Supplied data: Begin

definition joint_value :: "'n set \<Rightarrow> ('n \<Rightarrow> real) \<Rightarrow> 'n set \<Rightarrow> ('n \<Rightarrow> real) \<Rightarrow> real" where
  "joint_value S \<theta> U \<theta>' = f (sup (restr S \<theta>) (restr (U \<union> S) \<theta>'))"

lemma measurable_joint_value_run [measurable]:
  "(\<lambda>\<theta>'. joint_value S \<theta> (run p \<theta>' j) \<theta>') \<in> borel_measurable (Theta D)"
  unfolding measurable_Theta_iff joint_value_def
  by (rule measurable_compose_countable[where f="\<lambda>U \<theta>'. f (sup (restr S \<theta>) (restr (U \<union> S) \<theta>'))"])
    (measurable; simp add: space_PiM)+

lemma marginal_gain_le:
  assumes \<theta>: "\<forall>l. 0 \<le> \<theta> l" and "j < k" "i \<notin> S" and next_x: "next_item p x j = i"
  shows "joint_value S \<theta> (run p (x(i := y)) (Suc j)) (x(i := y)) - joint_value S \<theta> (run p (x(i := y)) j) (x(i := y))
    \<le> f (sup (restr S \<theta>) (\<lambda>l. if l = i then y else 0)) - f (restr S \<theta>)"
proof -
  have notin: "i \<notin> run p x j"
    using next_item_notin_run[OF admissible \<open>j < k\<close>] next_x by blast
  then have run_eq: "run p (x(i := y)) j = run p x j" and next_eq: "next_item p (x(i := y)) j = i"
    using run_fun_upd_notin next_item_fun_upd_notin next_x by metis+
  define X where "X = sup (restr S \<theta>) (restr (run p x j \<union> S) x)"
  have "sup (restr S \<theta>) (restr (run p (x(i := y)) (Suc j) \<union> S) (x(i := y))) = X(i := max 0 y)"
    using notin \<open>i \<notin> S\<close> by (auto simp: run_eq next_eq X_def restr_def sup_fun_def sup_max)
  moreover have "sup (restr S \<theta>) (restr (run p (x(i := y)) j \<union> S) (x(i := y))) = X"
    using notin \<open>i \<notin> S\<close> by (auto simp: run_eq X_def restr_def)
  moreover have "sup (restr S \<theta>) (\<lambda>l. if l = i then y else 0) = (restr S \<theta>)(i := max 0 y)"
    using \<theta> \<open>i \<notin> S\<close> by (intro ext) (auto simp: restr_def sup_max max_def intro: order.antisym)
  moreover have "f (X(i := max 0 y)) - f X \<le> f ((restr S \<theta>)(i := max 0 y)) - f (restr S \<theta>)"
    using \<theta> notin \<open>i \<notin> S\<close>
    by (intro submodular_diminishing_returns[OF f_submod]) (auto simp: X_def restr_def le_fun_def sup_fun_def sup_max)
  ultimately show ?thesis unfolding joint_value_def by simp
qed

Supplied data: End

What you have to do
Would you please give the data above again, exactly as it appears?

Response
definition joint_value :: "'n set \<Rightarrow> ('n \<Rightarrow> real) \<Rightarrow> 'n set \<Rightarrow> ('n \<Rightarrow> real) \<Rightarrow> real" where
  "joint_value S \<theta> U \<theta>' = f (sup (restr S \<theta>) (restr (U \<union> S) \<theta>'))"

lemma measurable_joint_value_run [measurable]:
  "(\<lambda>\<theta>'. joint_value S \<theta> (run p \<theta>' j) \<theta>') \<in> borel_measurable (Theta D)"
  unfolding measurable_Theta_iff joint_value_def
  by (rule measurable_compose_countable[where f="\<lambda>U \<theta>'. f (sup (restr S \<theta>) (restr (U \<union> S) \<theta>'))"])
    (measurable; simp add: space_PiM)+

lemma marginal_gain_le:
  assumes \<theta>: "\<forall>l. 0 \<le> \<theta> l" and "j < k" "i \<notin> S" and next_x: "next_item p x j = i"
  shows "joint_value S \<theta> (run p (x(i := y)) (Suc j)) (x(i := y)) - joint_value S \<theta> (run p (x(i := y)) j) (x(i := y))
    \<le> f (sup (restr S \<theta>) (\<lambda>l. if l = i then y else 0)) - f (restr S \<theta>)"
proof -
  have notin: "i \<notin> run p x j"
    using next_item_notin_run[OF admissible \<open>j < k\<close>] next_x by blast
  then have run_eq: "run p (x(i := y)) j = run p x j" and next_eq: "next_item p (x(i := y)) j = i"
    using run_fun_upd_notin next_item_fun_upd_notin next_x by metis+
  define X where "X = sup (restr S \<theta>) (restr (run p x j \<union> S) x)"
  have "sup (restr S \<theta>) (restr (run p (x(i := y)) (Suc j) \<union> S) (x(i := y))) = X(i := max 0 y)"
    using notin \<open>i \<notin> S\<close> by (auto simp: run_eq next_eq X_def restr_def sup_fun_def sup_max)
  moreover have "sup (restr S \<theta>) (restr (run p (x(i := y)) j \<union> S) (x(i := y))) = X"
    using notin \<open>i \<notin> S\<close> by (auto simp: run_eq X_def restr_def)
  moreover have "sup (restr S \<theta>) (\<lambda>l. if l = i then y else 0) = (restr S \<theta>)(i := max 0 y)"
    using \<theta> \<open>i \<notin> S\<close> by (intro ext) (auto simp: restr_def sup_max max_def intro: order.antisym)
  moreover have "f (X(i := max 0 y)) - f X \<le> f ((restr S \<theta>)(i := max 0 y)) - f (restr S \<theta>)"
    using \<theta> notin \<open>i \<notin> S\<close>
    by (intro submodular_diminishing_returns[OF f_submod]) (auto simp: X_def restr_def le_fun_def sup_fun_def sup_max)
  ultimately show ?thesis unfolding joint_value_def by simp
qed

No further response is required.